インターナショナルプログラムにおける注目作のひとつは、ケイト・ブランシェットとシエナ・ミラーがプロデュースを務めた『マリオン』。フランスで唯一の女性闘牛士であるマリオンを主人公とした物語だ。セリフは少ないながらも、マリオンの表情や佇まいから、彼女の静かで強い抵抗や覚悟が伝わってくる作品である。
本作の日本語字幕は、修了生の林萌子さんが担当。林さんにとって、本作が初めての短編映画翻訳となった。
尺が短い短編映画では、セリフ一つひとつの影響が大きい。言葉を削りすぎると情報が伝わらず、語りすぎると作品の空気を壊してしまう可能性がある。そのバランスの見極めが難しくもあり、おもしろい点でもあったと林さんは言う。
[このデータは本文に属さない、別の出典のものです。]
lemma local_geoffrion_proper_no_second_order_descent:
  assumes geof: "local_geoffrion_proper p m f g xb"
    and lim: "x \<longlonglongrightarrow> xb" and feas: "\<forall>k. x k \<in> feasible_set m g" and spos: "\<forall>k. s k > 0"
    and i0: "i0 \<in> {1..p}" and r: "r < 0"
    and descent: "eventually (\<lambda>k. f i0 (x k) - f i0 xb \<le> r * s k) sequentially"
    and small: "\<And>j e. j \<in> {1..p} \<Longrightarrow> e > 0 \<Longrightarrow>
       eventually (\<lambda>k. f j (x k) - f j xb \<le> e * s k) sequentially"
  shows False
proof -
  obtain U M where U: "open U" "xb \<in> U" and M: "M > 0"
    and trade: "\<forall>i\<in>{1..p}. \<forall>x\<in>U \<inter> feasible_set m g. f i x < f i xb \<longrightarrow>
            (\<exists>j\<in>{1..p}. f j x > f j xb \<and> (f i xb - f i x) / (f j x - f j xb) \<le> M)"
    using geof unfolding local_geoffrion_proper_def by blast
  \<comment> \<open>The other objectives may grow by at most \<open>e s\<^sub>k\<close>, with \<open>e\<close> chosen so that the trade-off
    ratio with \<open>f i0\<close> exceeds \<open>M\<close>.\<close>
  define e where "e = - r / (2 * M)"
  have e: "e > 0" using r M by (simp add: e_def divide_neg_pos)
  have "eventually (\<lambda>k. x k \<in> U) sequentially"
    using lim U by (rule topological_tendstoD)
  moreover note descent
  moreover have "eventually (\<lambda>k. \<forall>j\<in>{1..p}. f j (x k) - f j xb \<le> e * s k) sequentially"
    using small e by (simp add: eventually_ball_finite)
  ultimately have "eventually (\<lambda>k. x k \<in> U \<and> f i0 (x k) - f i0 xb \<le> r * s k
      \<and> (\<forall>j\<in>{1..p}. f j (x k) - f j xb \<le> e * s k)) sequentially"
    by eventually_elim blast
  then obtain N where "\<forall>k\<ge>N. x k \<in> U \<and> f i0 (x k) - f i0 xb \<le> r * s k
      \<and> (\<forall>j\<in>{1..p}. f j (x k) - f j xb \<le> e * s k)"
    unfolding eventually_sequentially by blast
  then have k: "x N \<in> U" "f i0 (x N) - f i0 xb \<le> r * s N"
    "\<forall>j\<in>{1..p}. f j (x N) - f j xb \<le> e * s N"
    by auto
  have rs: "r * s N < 0" using r spos by (simp add: mult_neg_pos)
  then have "f i0 (x N) < f i0 xb" using k(2) by linarith
  then obtain j where j: "j \<in> {1..p}" "f j (x N) > f j xb"
    "(f i0 xb - f i0 (x N)) / (f j (x N) - f j xb) \<le> M"
    using trade i0 k(1) feas by blast
  have "- r * s N \<le> f i0 xb - f i0 (x N)" using k(2) by linarith
  also have "\<dots> \<le> M * (f j (x N) - f j xb)" using j(2,3) by (simp add: divide_le_eq)
  also have "\<dots> \<le> M * (e * s N)" using k(3) j(1) M by (intro mult_left_mono) auto
  also have "\<dots> = - r * s N / 2" using M by (simp add: e_def field_simps)
  finally show False using rs by linarith
qed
「セリフの背後にある想いや語られない背景を、最小限の言葉でどこまで伝えられるか。そこに短編映画の翻訳ならではの魅力があると思います」(林萌子さん)
セリフが少ない作品だからこそ、表情や間、視線の揺らぎ、緊張感といった非言語の要素が重要だと林さんは考え、言葉にされていない想いや葛藤を読み取ることを意識。そしてその繊細なニュアンスを壊さないよう、「語りすぎないこと」に特にこだわった。どこまで言葉を削ぎ落とし、どこに余白を残すか。そのさじ加減に悩みつつも1枚1枚の字幕に丁寧に向き合い、マリオンの静かな強さや、声にならない感情が字幕から伝わるように翻訳に取り組んだ。それと同時に、「見る人によって様々な解釈ができる作品」であることも大切にした。字幕によって感じ方を狭めることなく、それぞれの解釈を楽しめるように心がけて翻訳していった。
翻訳者インタビュー②『NIGEMIZU』

ジャパンプログラムの注目作のひとつは、アオイヤマダと松田ゆう姫主演の『NIGEMIZU』だ。海辺の家を舞台に繰り広げられるサスペンス作品である。本作の英語字幕は、修了生の林臻(Chen Lin)さんが担当した。
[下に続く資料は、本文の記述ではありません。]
(* Let $N\ge1$, let $(X_j)_{j\in\mathbb{N}}$ be an i.i.d. sequence of random vectors uniformly distributed on the unit sphere $S^{N-1}\subset\mathbb{R}^N$, and set $Y_n=\sum_{j=1}^n n^{-1/2}X_j$. Let $C\ge \sqrt{\frac{2}{N}}\sqrt{\frac{1}{1-(1/2)^{2/N}}}$. Then the family of random variables $\big(\exp(\|Y_n\|^2/C^2)\big)_{n\in\mathbb{N}}$ is uniformly integrable.
   Context: $\|\cdot\|$ denotes the Euclidean norm on $\mathbb{R}^N$. *)

theory Defs
  imports "HOL-Probability.Probability"
begin

text \<open>Normalized (uniform) surface measure on the unit sphere of a Euclidean space,
  defined as the cone measure: the push-forward of the uniform distribution on the
  unit ball under radial projection x \<mapsto> x / norm x, i.e.
  sigma(A) = lambda {t x. 0 < t \<le> 1, x \<in> A} / lambda (ball 0 1).\<close>
definition sphere_unif :: "'a::euclidean_space measure" where
  "sphere_unif = distr (uniform_measure lborel (ball 0 1)) borel (\<lambda>x. x /\<^sub>R norm x)"

definition uniformly_integrable :: "'a measure \<Rightarrow> ('i \<Rightarrow> 'a \<Rightarrow> real) \<Rightarrow> bool" where
  "uniformly_integrable M f \<longleftrightarrow>
     (\<forall>i. integrable M (f i)) \<and>
     (\<forall>e>0. \<exists>K. \<forall>i.
        (\<integral>\<^sup>+ x. ennreal (indicator {y. K < \<bar>f i y\<bar>} x * \<bar>f i x\<bar>) \<partial>M) < ennreal e)"

end

theory Submission
  imports Defs
begin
本作の内容について、林さんはまず「様々な『対比』が印象的だった」と言う。
「主演2人の性格や色、ファッションの違い、そして人物自身の『表』と『裏』が丁寧に描かれており、そういった対比が印象的でした」(林臻(Chen Lin)さん)
その対比に関する表現は、英語字幕の制作にも影響を与えている。セリフの英訳自体は難しくなかったものの、その分「言葉選び」が重要となった。正反対の性格をしている2人の主人公には、同じことを言っていても異なるニュアンスがある。特にアオイヤマダが演じる「アオイ」は活発なキャラクター性であるため、少しポップで明るい言い回しになるように調整した。
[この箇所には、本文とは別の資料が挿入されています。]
theorem mainTheorem15:
  fixes k :: nat
  shows "\<exists>\<F> :: nat sgraph set. finite \<F> \<and> (\<forall>H\<in>\<F>. wf_graph H \<and> bipartite H) \<and>
           (\<forall>G :: nat sgraph. wf_graph G \<longrightarrow> (hered_mu_alpha G \<le> k \<longleftrightarrow> free_of G \<F>))"
proof (intro exI conjI allI impI)
  show "finite (gap_obstructions k)" by (rule finite_gap_obstructions)
  show "\<forall>H\<in>gap_obstructions k. wf_graph H \<and> bipartite H"
    by (simp add: gap_obstructions_def)
  fix G :: "nat sgraph" assume "wf_graph G"
  then show "hered_mu_alpha G \<le> k \<longleftrightarrow> free_of G (gap_obstructions k)"
    using free_of_gap_obstructions_if_hered_mu_alpha_le
      hered_mu_alpha_le_if_free_of_gap_obstructions by blast
qed

end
翻訳中、JVTAの授業での学びを思い出す出来事があった。作中の「ちゃんと塩入っている?」というセリフを訳している時である。林さんはこのセリフについて、最初は調味料全般のことだと考えてseasonという動詞でまとめようとしていた。しかし対象となっているアクアパッツァの歴史や調理工程を調べる中で、「ここは原文に沿ってsaltを使うべきだ」と気づいたと言う。
「本作のように独特の雰囲気のある映画では、意訳を多用することがあります。しかし、考えすぎると原文の意図とズレが生じることもあると実感しました。このセリフを訳しているとき、授業で聞いた『結局、直訳が一番シンプルで良かったかもしれない』という言葉を思い出しました」(林臻(Chen Lin)さん)
短編作品だからこそ求められる「映像翻訳者の力量」
短編作品は尺が短いため、セリフが少なかったり物語の背景が詳細に説明されなかったりすることが多い。そんな中、登場人物のセリフや行動、ストーリーの展開やBGMの変化にまで気を配り、作品を読み解き最適な字幕を作る必要がある。尺が短いから簡単ということは決してなく、むしろ映像翻訳者としての力量が試されるのが短編映画の翻訳である。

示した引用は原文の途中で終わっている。